Added numeric transformations. Shape: (9989, 41)


    ### Categorical Feature Encoding

Categorical attributes are encoded as follows:
- **Low-cardinality** variables (≤30 unique values) use one-hot encoding.  
- **High-cardinality** variables use target encoding with respect to `loan_status`.  

This ensures an optimal balance between interpretability and dimensionality.


In [13]:
# CATEGORICAL FEATURE ENCODING
# Only apply encoding to truly categorical fields that have not already been
# transformed through ordinal or date-based encodings.

# 1. Explicitly define relevant categorical columns
cat_cols = [
    'home_ownership',
    'verification_status',
    'purpose',
    'addr_state',
    'application_type',
]

# Keep only columns that actually exist in the dataframe
cat_cols = [c for c in cat_cols if c in fe.columns]
print("Categorical columns considered:", cat_cols)

# 2. Split into low- and high-cardinality groups
low_card_cols = [c for c in cat_cols if fe[c].nunique() <= 30]
high_card_cols = [c for c in cat_cols if fe[c].nunique() > 30]

print("Low-cardinality columns (One-Hot Encoding):", low_card_cols)
print("High-cardinality columns (kept as-is for KPIs):", high_card_cols)

# 3. Apply One-Hot Encoding to low-cardinality fields only
fe = pd.get_dummies(fe, columns=low_card_cols, drop_first=True)

print("Categorical encoding complete. Final shape:", fe.shape)



Categorical columns considered: ['home_ownership', 'purpose', 'addr_state']
Low-cardinality columns (One-Hot Encoding): ['home_ownership', 'purpose']
High-cardinality columns (kept as-is for KPIs): ['addr_state']
Categorical encoding complete. Final shape: (9989, 54)

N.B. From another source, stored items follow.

(* Let $C$ be a bivariate copula and let $C^\uparrow$ and $C^\downarrow$ be its increasing and decreasing rearranged copulas. Then (i) $\xi(C^\downarrow)=\xi(C)=\xi(C^\uparrow)$; (ii) $\rho(C^\downarrow)\le\rho(C)\le\rho(C^\uparrow)$ and $\rho(C^\downarrow)=-\rho(C^\uparrow)$.
   Context: A bivariate copula is a function $C:[0,1]^2\to[0,1]$ that is grounded, has uniform margins and is 2-increasing. $\rho(C)=12\int_{[0,1]^2}C\,du\,dv-3$ and $\xi(C)=6\int_0^1\int_0^1(\partial_1C(t,v))^2\,dt\,dv-2$, with $\partial_1$ the partial derivative in the first argument. A copula is SI (resp. SD) if it is concave (resp. convex) in its first argument. For measurable $f,g:[0,1]\to[0,1]$, write $f\prec_S g$ if $\int_0^x f^*(t)\,dt\le\int_0^x g^*(t)\,dt$ for all $x\in(0,1)$ and $\int_0^1 f=\int_0^1 g$, where $h^*$ denotes the decreasing rearrangement of $h$ (the a.e.-unique decreasing function with $\lambda(h^*\ge s)=\lambda(h\ge s)$ for all $s$). For copulas $D,E$, write $D\le_{\partial_1S}E$ if $\partial_1D(\cdot,v)\prec_S\partial_1E(\cdot,v)$ for all $v\in[0,1]$, and $D=_{\partial_1S}E$ if both $D\le_{\partial_1S}E$ and $E\le_{\partial_1S}D$. It is known that for every copula $C$ there exist a unique SI copula $C^\uparrow$ and a unique SD copula $C^\downarrow$ with $C^\downarrow=_{\partial_1S}C=_{\partial_1S}C^\uparrow$; these are called the increasing and decreasing rearranged copulas of $C$, and they satisfy $C^\downarrow(u,v)=v-C^\uparrow(1-u,v)$ and $C^\downarrow\le C\le C^\uparrow$ pointwise. *)

theory Defs
  imports "HOL-Analysis.Analysis"
begin

text \<open>Bivariate copulas, viewed as functions real => real => real whose values
  outside the unit square are irrelevant.\<close>
definition copula :: "(real \<Rightarrow> real \<Rightarrow> real) \<Rightarrow> bool" where
  "copula C \<longleftrightarrow>
     (\<forall>u\<in>{0..1}. \<forall>v\<in>{0..1}. C u v \<in> {0..1}) \<and>
     (\<forall>u\<in>{0..1}. C u 0 = 0 \<and> C 0 u = 0) \<and>
     (\<forall>u\<in>{0..1}. C u 1 = u \<and> C 1 u = u) \<and>
     (\<forall>u1\<in>{0..1}. \<forall>u2\<in>{0..1}. \<forall>v1\<in>{0..1}. \<forall>v2\<in>{0..1}.
        u1 \<le> u2 \<longrightarrow> v1 \<le> v2 \<longrightarrow> C u2 v2 - C u2 v1 - C u1 v2 + C u1 v1 \<ge> 0)"

text \<open>Partial derivative in the first argument (where it exists; set to 0 elsewhere,
  which is a null set for copulas).\<close>
definition d1 :: "(real \<Rightarrow> real \<Rightarrow> real) \<Rightarrow> real \<Rightarrow> real \<Rightarrow> real" where
  "d1 C t v = (if \<exists>D. ((\<lambda>s. C s v) has_real_derivative D) (at t)
               then (THE D. ((\<lambda>s. C s v) has_real_derivative D) (at t)) else 0)"

definition spearman_rho :: "(real \<Rightarrow> real \<Rightarrow> real) \<Rightarrow> real" where
  "spearman_rho C = 12 * integral ({0..1} \<times> {0..1}) (\<lambda>(u, v). C u v) - 3"

definition chatterjee_xi :: "(real \<Rightarrow> real \<Rightarrow> real) \<Rightarrow> real" where
  "chatterjee_xi C = 6 * integral ({0..1} \<times> {0..1}) (\<lambda>(t, v). (d1 C t v)\<^sup>2) - 2"

definition SI :: "(real \<Rightarrow> real \<Rightarrow> real) \<Rightarrow> bool" where
  "SI C \<longleftrightarrow> (\<forall>v\<in>{0..1}. concave_on {0..1} (\<lambda>u. C u v))"

definition SD :: "(real \<Rightarrow> real \<Rightarrow> real) \<Rightarrow> bool" where
  "SD C \<longleftrightarrow> (\<forall>v\<in>{0..1}. convex_on {0..1} (\<lambda>u. C u v))"

definition is_decr_rearr :: "(real \<Rightarrow> real) \<Rightarrow> (real \<Rightarrow> real) \<Rightarrow> bool" where
  "is_decr_rearr f g \<longleftrightarrow> antimono_on {0..1} g \<and>
     (\<forall>s. measure lborel {t\<in>{0..1}. g t \<ge> s} = measure lborel {x\<in>{0..1}. f x \<ge> s})"

definition schur_le :: "(real \<Rightarrow> real) \<Rightarrow> (real \<Rightarrow> real) \<Rightarrow> bool" where
  "schur_le f g \<longleftrightarrow>
     (\<forall>fs gs. is_decr_rearr f fs \<longrightarrow> is_decr_rearr g gs \<longrightarrow>
        (\<forall>x\<in>{0<..<1}. integral {0..x} fs \<le> integral {0..x} gs)) \<and>
     integral {0..1} f = integral {0..1} g"

definition d1S_le :: "(real \<Rightarrow> real \<Rightarrow> real) \<Rightarrow> (real \<Rightarrow> real \<Rightarrow> real) \<Rightarrow> bool" where
  "d1S_le D E \<longleftrightarrow> (\<forall>v\<in>{0..1}. schur_le (\<lambda>t. d1 D t v) (\<lambda>t. d1 E t v))"

definition d1S_eq :: "(real \<Rightarrow> real \<Rightarrow> real) \<Rightarrow> (real \<Rightarrow> real \<Rightarrow> real) \<Rightarrow> bool" where
  "d1S_eq D E \<longleftrightarrow> d1S_le D E \<and> d1S_le E D"

text \<open>Increasing / decreasing rearranged copulas (unique by the known result).\<close>
definition incr_rearranged :: "(real \<Rightarrow> real \<Rightarrow> real) \<Rightarrow> (real \<Rightarrow> real \<Rightarrow> real) \<Rightarrow> bool" where
  "incr_rearranged C Cu \<longleftrightarrow> copula Cu \<and> SI Cu \<and> d1S_eq Cu C"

## Feature Selection & Export

After completing all feature engineering steps (ordinal encoding, date decomposition, derived temporal metrics, and categorical processing), a final subset of features is selected to support loan-portfolio KPI calculation and downstream risk analytics.

The selected features include:

- Loan identifiers  
- Borrower demographic and financial attributes  
- Loan characteristics (e.g., term, interest rate, amount)  
- Derived time-based features (e.g., issue year/month, credit history age)  
- Encoded categorical variables  
- Performance fields required for KPI computation  

The resulting dataset is exported as `loan_portfolio_features.csv` and will be used in the subsequent KPI Calculation stage of the thesis.



In [14]:
# === FEATURE SELECTION & EXPORT ===

# 1. List of selected features (you can adjust)
selected_features = [
    # Identifiers
    'id', 'member_id',

    # Loan characteristics
    'loan_amnt', 'funded_amnt', 'funded_amnt_inv',
    'term_months', 'int_rate', 'installment',
    'grade_ord', 'sub_grade_ord',
    'emp_length_years', 'purpose',
    
    # Borrower financial profile
    'annual_inc', 'dti', 'revol_bal', 'revol_util',
    'inq_last_6mths', 'open_acc', 'total_acc',

    # Temporal features
    'issue_d_year', 'issue_d_month',
    'earliest_cr_line_year', 'earliest_cr_line_month',
    'credit_history_age_months',

    # Categorical high-card columns left as-is
    'addr_state',

    # Performance (for KPIs)
    'loan_status', 'total_pymnt', 'total_rec_prncp',
]

# 2. Keep only columns that exist
selected_features = [c for c in selected_features if c in fe.columns]
print("Final selected features:", len(selected_features))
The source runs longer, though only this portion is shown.